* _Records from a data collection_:
================================

definition support_subdiff :: "('a::real_normed_vector \<Rightarrow>\<^sub>L real) set \<Rightarrow> 'a \<Rightarrow> ('a \<Rightarrow>\<^sub>L real) set" where
  "support_subdiff C z =
     {c. (\<forall>x. ereal (blinfun_apply c x) \<le> support_fun C x) \<and> ereal (blinfun_apply c z) = support_fun C z}"

lemma support_fun_eq_if_subdiff: "c \<in> support_subdiff C z \<Longrightarrow> support_fun C z = ereal (blinfun_apply c z)"
  by (simp add: support_subdiff_def)

lemma support_subdiff_monotone:
  assumes "c \<in> support_subdiff C v" "d \<in> support_subdiff C z"
  shows "blinfun_apply d (v - z) \<le> blinfun_apply c (v - z)"
proof -
  have "ereal (blinfun_apply d v) \<le> support_fun C v" "support_fun C v = ereal (blinfun_apply c v)"
    "ereal (blinfun_apply c z) \<le> support_fun C z" "support_fun C z = ereal (blinfun_apply d z)"
    using assms unfolding support_subdiff_def by auto
  then show ?thesis by (simp add: blinfun.diff_right)
qed

lemma norm_le_of_support_fun_bounded:
  assumes "\<forall>x. ereal (blinfun_apply c x) \<le> support_fun C x"
    and "\<rho> > 0" "\<forall>v\<in>ball z \<rho>. support_fun C v \<le> ereal M"
  shows "norm c \<le> 2 * (M - blinfun_apply c z) / \<rho>"
proof -
  have le_M: "blinfun_apply c (z + h) \<le> M" if "norm h < \<rho>" for h
  proof -
    have "ereal (blinfun_apply c (z + h)) \<le> support_fun C (z + h)" using assms(1) by blast
    also have "\<dots> \<le> ereal M" using assms(3) that by (simp add: dist_norm)
    finally show ?thesis by simp
  qed
  then have "blinfun_apply c h \<le> 0 * norm h + (M - blinfun_apply c z)" if "norm h < \<rho>" for h
    using le_M[OF that] by (simp add: blinfun.add_right)
  moreover have "0 \<le> M - blinfun_apply c z"
    using le_M[of 0] assms(2) by simp
  ultimately show ?thesis
    using norm_blinfun_le_of_local_bound[OF assms(2) order_refl, of "M - blinfun_apply c z" c] by simp
qed

text \<open>A subgradient maximises \<open>c z\<close> over a w*-compact slice of the functionals below the
  support function.\<close>
lemma support_subdiff_nonempty:
  assumes "C \<noteq> {}" "\<rho> > 0" "\<forall>v\<in>ball z \<rho>. support_fun C v \<le> ereal M"
  shows "support_subdiff C z \<noteq> {}"
proof -
  obtain s where s: "support_fun C z = ereal s"
    using assms support_fun_finite[OF assms(1), of z] by (metis centre_in_ball ereal_less_PInfty order_le_less_trans)
  define E where "E = {c. \<forall>x. ereal (blinfun_apply c x) \<le> support_fun C x} \<inter> {c. s - 1 \<le> blinfun_apply c z}"
  define R where "R = 2 * (M - (s - 1)) / \<rho>"
  have E_norm: "norm c \<le> R" if "c \<in> E" for c
  proof -
    have "norm c \<le> 2 * (M - blinfun_apply c z) / \<rho>"
      using that assms(2,3) norm_le_of_support_fun_bounded by (auto simp: E_def)
    also have "\<dots> \<le> R" using that assms(2) by (auto simp: E_def R_def divide_right_mono)
    finally show ?thesis .
  qed
  have "E \<subseteq> {c. \<forall>x. blinfun_apply c x \<le> R * norm x}"
    using abs_le_D1[OF abs_blinfun_apply_le[OF E_norm order_refl]] by blast
  then have cpt: "compactin wstar_topology E"
    by (rule closed_compactin[OF Banach_Alaoglu[of "\<lambda>x. R * norm x" R, OF order_refl]])
      (auto simp: E_def intro!: closedin_Int closedin_wstar_majorized closedin_wstar_apply_ge)
  have slice_in_E: "c \<in> E" if "c \<in> C" "s - 1 < blinfun_apply c z" for c
    using that support_fun_upper[of c C] by (auto simp: E_def)
  obtain c1 where "c1 \<in> C" "s - 1 < blinfun_apply c1 z"
    using support_fun_approx[OF s, of 1] by auto
  moreover have "compact ((\<lambda>c. blinfun_apply c z) ` E)"
    using image_compactin[OF cpt continuous_map_wstar_apply] by simp
  ultimately obtain cm where cm: "cm \<in> E" "\<And>c. c \<in> E \<Longrightarrow> blinfun_apply c z \<le> blinfun_apply cm z"
    using compact_attains_sup[of "(\<lambda>c. blinfun_apply c z) ` E"] slice_in_E by blast
  have "s \<le> blinfun_apply cm z"
  proof (rule ccontr)
    assume "\<not> s \<le> blinfun_apply cm z"
    then obtain c where "c \<in> C" "s - min 1 (s - blinfun_apply cm z) < blinfun_apply c z"
      using support_fun_approx[OF s, of "min 1 (s - blinfun_apply cm z)"] by auto
    then show False using cm(2)[OF slice_in_E] by fastforce
  qed
  moreover have "ereal (blinfun_apply cm z) \<le> ereal s"
    using cm(1) s unfolding E_def by (metis (mono_tags) IntD1 mem_Collect_eq)
  ultimately have "cm \<in> support_subdiff C z"
    using cm(1) s by (auto simp: E_def support_subdiff_def)
  then show ?thesis by blast
qed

================================

* _Requirement_: How many lines in the entries include the string "lemma"? Answer with the number alone.

* _Result_: 4